(Task data Opens)

definition qmul :: "quat \<Rightarrow> quat \<Rightarrow> quat" where
  "qmul p q = Quat
     (Re p * Re q - Im1 p * Im1 q - Im2 p * Im2 q - Im3 p * Im3 q)
     (Re p * Im1 q + Im1 p * Re q + Im2 p * Im3 q - Im3 p * Im2 q)
     (Re p * Im2 q - Im1 p * Im3 q + Im2 p * Re q + Im3 p * Im1 q)
     (Re p * Im3 q + Im1 p * Im2 q - Im2 p * Im1 q + Im3 p * Re q)"

definition qcnj :: "quat \<Rightarrow> quat" where
  "qcnj p = Quat (Re p) (- Im1 p) (- Im2 p) (- Im3 p)"

type_synonym qvec = "quat \<times> quat"

definition vscale :: "qvec \<Rightarrow> quat \<Rightarrow> qvec" where
  "vscale z l = (qmul (fst z) l, qmul (snd z) l)"

definition vzero :: qvec where "vzero = (qzero, qzero)"

definition hform :: "qvec \<Rightarrow> qvec \<Rightarrow> quat" where
  "hform z w = qadd (qmul (qcnj (snd w)) (fst z)) (qmul (qcnj (fst w)) (snd z))"

text \<open>A 2x2 matrix [[a, b], [c, d]] is stored as the tuple (a, b, c, d).\<close>
type_synonym qmat = "quat \<times> quat \<times> quat \<times> quat"

fun mat_e11 :: "qmat \<Rightarrow> quat" where "mat_e11 (a, b, c, d) = a"
fun mat_e12 :: "qmat \<Rightarrow> quat" where "mat_e12 (a, b, c, d) = b"
fun mat_e21 :: "qmat \<Rightarrow> quat" where "mat_e21 (a, b, c, d) = c"
fun mat_e22 :: "qmat \<Rightarrow> quat" where "mat_e22 (a, b, c, d) = d"

definition mat_one :: qmat where "mat_one = (qone, qzero, qzero, qone)"

definition mat_neg :: "qmat \<Rightarrow> qmat" where
  "mat_neg M = (qneg (mat_e11 M), qneg (mat_e12 M), qneg (mat_e21 M), qneg (mat_e22 M))"

definition mat_mul :: "qmat \<Rightarrow> qmat \<Rightarrow> qmat" where
  "mat_mul M N =
    (qadd (qmul (mat_e11 M) (mat_e11 N)) (qmul (mat_e12 M) (mat_e21 N)),
     qadd (qmul (mat_e11 M) (mat_e12 N)) (qmul (mat_e12 M) (mat_e22 N)),
     qadd (qmul (mat_e21 M) (mat_e11 N)) (qmul (mat_e22 M) (mat_e21 N)),
     qadd (qmul (mat_e21 M) (mat_e12 N)) (qmul (mat_e22 M) (mat_e22 N)))"

text \<open>Matrix acting on a column vector (left action, commuting with right scalars).\<close>
definition mat_app :: "qmat \<Rightarrow> qvec \<Rightarrow> qvec" where
  "mat_app M z =
    (qadd (qmul (mat_e11 M) (fst z)) (qmul (mat_e12 M) (snd z)),
     qadd (qmul (mat_e21 M) (fst z)) (qmul (mat_e22 M) (snd z)))"

definition mat_invertible :: "qmat \<Rightarrow> bool" where
  "mat_invertible M \<longleftrightarrow> (\<exists>N. mat_mul M N = mat_one \<and> mat_mul N M = mat_one)"

definition mat_inv :: "qmat \<Rightarrow> qmat" where
  "mat_inv M = (THE N. mat_mul M N = mat_one \<and> mat_mul N M = mat_one)"

definition Sp11 :: "qmat set" where
  "Sp11 = {M. mat_invertible M \<and> (\<forall>z w. hform (mat_app M z) (mat_app M w) = hform z w)}"

text \<open>Equality of images in PSp(1,1) = Sp(1,1)/{+-I}.\<close>
definition psp_eq :: "qmat \<Rightarrow> qmat \<Rightarrow> bool" where
  "psp_eq M N \<longleftrightarrow> M = N \<or> M = mat_neg N"

text \<open>Strongly doubly reversible pair (of the images of A, B) in PSp(1,1):
  some g in PSp(1,1) (lifted to Sp(1,1)) with g^2 = 1, g g1 g^-1 = g1^-1, g g2 g^-1 = g2^-1.\<close>
definition strongly_doubly_reversible :: "qmat \<Rightarrow> qmat \<Rightarrow> bool" where
  "strongly_doubly_reversible A B \<longleftrightarrow>
     (\<exists>g\<in>Sp11. psp_eq (mat_mul g g) mat_one
        \<and> psp_eq (mat_mul (mat_mul g A) (mat_inv g)) (mat_inv A)
        \<and> psp_eq (mat_mul (mat_mul g B) (mat_inv g)) (mat_inv B))"

text \<open>Right quaternionic line spanned by a nonzero vector z (as the set of its nonzero vectors).\<close>
definition qline :: "qvec \<Rightarrow> qvec set" where
  "qline z = {vscale z l | l. l \<noteq> qzero}"

definition bdry :: "qvec set set" where
  "bdry = {qline z | z. z \<noteq> vzero \<and> hform z z = qzero}"

definition fixpts :: "qmat \<Rightarrow> qvec set set" where
  "fixpts M = {p \<in> bdry. \<exists>z. p = qline z \<and> qline (mat_app M z) = qline z}"

definition hyperbolic :: "qmat \<Rightarrow> bool" where
  "hyperbolic M \<longleftrightarrow> finite (fixpts M) \<and> card (fixpts M) = 2"

end

theory Submission
  imports Defs "HOL-Library.Product_Plus" "HOL-Analysis.Linear_Algebra"
begin

text \<open>
  An element g with g A g^-1 = \<plusminus>A^-1 permutes the fixed points of A. If the fixed-point pairs
  of A and B share exactly one point [u], a common reverser g must therefore fix [u], say
  g u = u p; with A u = u a, reversal gives a p a = \<plusminus>p, so |a| = 1. Normalising the fixed
  points of A to a null frame u, v (\<langle>u,v\<rangle> = 1), a unit eigenvalue forces A v = v a, and then
  u + v y is a third fixed null line for every nonzero pure y commuting with a, contradicting
  hyperbolicity.

  Conversely, if A and B fix the same null frame u, v with eigenvalues a, b at u, pick a nonzero
  pure quaternion y orthogonal to the imaginary parts of a and b, so that a y = y (qcnj a)
  and b y = y (qcnj b). The matrix sending u to -v y^-1 and v to u y maps the null frame to a
  null frame, hence lies in Sp(1,1); it squares to -I and conjugates A and B to their inverses.
\<close>

section \<open>Quaternions as a division ring\<close>

definition qnorm2 :: "quat \<Rightarrow> real" where
  "qnorm2 p = (quat.Re p)\<^sup>2 + (Im1 p)\<^sup>2 + (Im2 p)\<^sup>2 + (Im3 p)\<^sup>2"

lemma qnorm2_eq_qzero_iff: "qnorm2 p = 0 \<longleftrightarrow> p = qzero"
  by (cases p) (simp add: qnorm2_def qzero_def add_nonneg_eq_0_iff)

instantiation quat :: division_ring
begin
definition "0 = qzero"
definition "1 = qone"
definition "p + q = qadd p q"
definition "- p = qneg p"
definition "p - q = qadd p (qneg q)"
definition "p * q = qmul p q"
definition "inverse p = qmul (qcnj p) (Quat (1 / qnorm2 p) 0 0 0)"
definition "divide p (q::quat) = p * inverse q"
instance
proof
  fix p :: quat
  assume "p \<noteq> 0"
  hence "qnorm2 p \<noteq> 0" by (simp add: qnorm2_eq_qzero_iff zero_quat_def)
  thus "inverse p * p = 1" "p * inverse p = 1"
    by (simp_all add: inverse_quat_def times_quat_def one_quat_def qmul_def qcnj_def qone_def,
        simp_all add: qnorm2_def divide_simps power2_eq_square)
qed (simp_all add: zero_quat_def one_quat_def plus_quat_def uminus_quat_def minus_quat_def
    times_quat_def inverse_quat_def divide_quat_def qzero_def qone_def qadd_def qneg_def qmul_def
    qcnj_def qnorm2_def algebra_simps)
end

lemmas quat_class_ops = zero_quat_def[symmetric] one_quat_def[symmetric] plus_quat_def[symmetric]
  uminus_quat_def[symmetric] times_quat_def[symmetric]

lemmas quat_components = zero_quat_def one_quat_def plus_quat_def uminus_quat_def times_quat_def
  qzero_def qone_def qadd_def qneg_def qmul_def qcnj_def qnorm2_def

lemma qcnj_mult: "qcnj (p * q) = qcnj q * qcnj p"
  by (simp add: quat_components algebra_simps)

lemma qcnj_add: "qcnj (p + q) = qcnj p + qcnj q"
  by (simp add: quat_components)

lemma qcnj_qcnj [simp]: "qcnj (qcnj p) = p"
  by (simp add: qcnj_def)

lemma qcnj_zero [simp]: "qcnj 0 = 0"
  by (simp add: quat_components)

lemma qcnj_one [simp]: "qcnj 1 = 1"
  by (simp add: quat_components)

lemma qcnj_eq_0_iff [simp]: "qcnj p = 0 \<longleftrightarrow> p = 0"
  by (cases p) (auto simp: quat_components)

lemma qcnj_inverse: "qcnj (inverse p) = inverse (qcnj p)"
proof (cases "p = 0")
  case False
  hence "qcnj p * qcnj (inverse p) = 1" by (simp flip: qcnj_mult)
  thus ?thesis by (rule inverse_unique [symmetric])
qed simp

lemma qnorm2_nonneg: "0 \<le> qnorm2 p"
  by (simp add: qnorm2_def)

lemma qnorm2_eq_0 [simp]: "qnorm2 p = 0 \<longleftrightarrow> p = 0"
  by (simp add: qnorm2_eq_qzero_iff zero_quat_def)

lemma qnorm2_mult: "qnorm2 (p * q) = qnorm2 p * qnorm2 q"
  by (simp add: quat_components power2_eq_square algebra_simps)

lemma qnorm2_minus [simp]: "qnorm2 (- p) = qnorm2 p"
  by (simp add: quat_components)

lemma inverse_eq_qcnj_if_unit: "qnorm2 p = 1 \<Longrightarrow> inverse p = qcnj p"
  by (simp add: inverse_quat_def quat_components)

lemma exists_pure_commuting: "\<exists>y. y \<noteq> 0 \<and> qcnj y = - y \<and> y * a = a * y"
proof (cases "Im1 a = 0 \<and> Im2 a = 0 \<and> Im3 a = 0")
  case True
  thus ?thesis by (intro exI [of _ "Quat 0 1 0 0"]) (simp add: quat_components)
next
  case False
  thus ?thesis
    by (intro exI [of _ "Quat 0 (Im1 a) (Im2 a) (Im3 a)"])
      (auto simp: quat_components algebra_simps)
qed

lemma exists_pure_mult_eq_mult_qcnj:
  "\<exists>y. y \<noteq> 0 \<and> qcnj y = - y \<and> a * y = y * qcnj a \<and> b * y = y * qcnj b"
proof -
  define im :: "quat \<Rightarrow> real \<times> real \<times> real" where "im p = (Im1 p, Im2 p, Im3 p)" for p
  have "dim {im a, im b} < DIM(real \<times> real \<times> real)"
    using dim_le_card' [of "{im a, im b}"] by (cases "im a = im b") auto
  then obtain y where "y \<noteq> 0" and orth: "\<And>x. x \<in> span {im a, im b} \<Longrightarrow> orthogonal y x"
    using orthogonal_to_subspace_exists by blast
  moreover obtain y1 y2 y3 where "y = (y1, y2, y3)" by (cases y)
  moreover have "inner y (im a) = 0" "inner y (im b) = 0"
    using orth span_base orthogonal_def by blast+
  \<comment> \<open>for pure y, a y = y (qcnj a) says exactly that y is orthogonal to the imaginary part of a\<close>
  ultimately show ?thesis
    by (intro exI [of _ "Quat 0 y1 y2 y3"])
      (auto simp: im_def quat_components zero_prod_def algebra_simps)
qed

section \<open>The Hermitian form and null frames\<close>

lemma vzero_eq: "vzero = 0"
  by (simp add: vzero_def zero_prod_def quat_class_ops)

lemma vscale_eq: "vscale z l = (fst z * l, snd z * l)"
  by (simp add: vscale_def quat_class_ops)

lemma hform_eq: "hform z w = qcnj (snd w) * fst z + qcnj (fst w) * snd z"
  by (simp add: hform_def quat_class_ops)

lemma mat_app_eq:
  "mat_app M z = (mat_e11 M * fst z + mat_e12 M * snd z, mat_e21 M * fst z + mat_e22 M * snd z)"
  by (simp add: mat_app_def quat_class_ops)

lemma vscale_vscale [simp]: "vscale (vscale z l) m = vscale z (l * m)"
  by (simp add: vscale_eq mult.assoc)

lemma vscale_one [simp]: "vscale z 1 = z"
  by (simp add: vscale_eq)

lemma vscale_zero [simp]: "vscale z 0 = 0"
  by (simp add: vscale_eq zero_prod_def)

lemma vscale_add_left: "vscale (z + w) l = vscale z l + vscale w l"
  by (simp add: vscale_eq algebra_simps)

lemma vscale_cancel: "z \<noteq> 0 \<Longrightarrow> vscale z l = vscale z m \<Longrightarrow> l = m"
  by (cases z) (auto simp: vscale_eq zero_prod_def)

lemma vscale_eq_0_iff [simp]: "vscale z l = 0 \<longleftrightarrow> z = 0 \<or> l = 0"
  by (cases z) (auto simp: vscale_eq zero_prod_def)

lemma hform_vscale_left [simp]: "hform (vscale z l) w = hform z w * l"
  by (simp add: hform_eq vscale_eq algebra_simps)

lemma hform_vscale_right [simp]: "hform z (vscale w l) = qcnj l * hform z w"
  by (simp add: hform_eq vscale_eq algebra_simps qcnj_mult)

lemma hform_add_left [simp]: "hform (z + z') w = hform z w + hform z' w"
  by (simp add: hform_eq algebra_simps)

lemma hform_add_right [simp]: "hform z (w + w') = hform z w + hform z w'"
  by (simp add: hform_eq algebra_simps qcnj_add)

lemma hform_diff_left [simp]: "hform (z - z') w = hform z w - hform z' w"
  by (simp add: hform_eq algebra_simps)

lemma hform_zero_left [simp]: "hform 0 w = 0"
  by (simp add: hform_eq zero_prod_def)

lemma hform_swap: "hform w z = qcnj (hform z w)"
  by (simp add: hform_eq qcnj_add qcnj_mult add.commute)

lemma mat_app_vscale [simp]: "mat_app M (vscale z l) = vscale (mat_app M z) l"
  by (simp add: mat_app_eq vscale_eq algebra_simps)

lemma mat_app_add [simp]: "mat_app M (z + w) = mat_app M z + mat_app M w"
  by (simp add: mat_app_eq algebra_simps)

lemma mat_app_zero [simp]: "mat_app M 0 = 0"
  by (simp add: mat_app_eq zero_prod_def)

lemma mat_app_mat_mul: "mat_app (mat_mul M N) z = mat_app M (mat_app N z)"
  by (cases M; cases N) (simp add: mat_app_eq mat_mul_def quat_class_ops algebra_simps)

lemma mat_app_mat_one [simp]: "mat_app mat_one z = z"
  by (simp add: mat_app_eq mat_one_def quat_class_ops)

lemma mat_app_mat_neg: "mat_app (mat_neg M) z = vscale (mat_app M z) (- 1)"
  by (cases M) (simp add: mat_app_eq mat_neg_def vscale_eq quat_class_ops algebra_simps)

(Task data Closes)

Exercise goal:
Wherever the word "symmetric" turns up in a line of the entries above, copy that line.

Response area:
lemmas quat_class_ops = zero_quat_def[symmetric] one_quat_def[symmetric] plus_quat_def[symmetric]
  uminus_quat_def[symmetric] times_quat_def[symmetric]
  thus ?thesis by (rule inverse_unique [symmetric])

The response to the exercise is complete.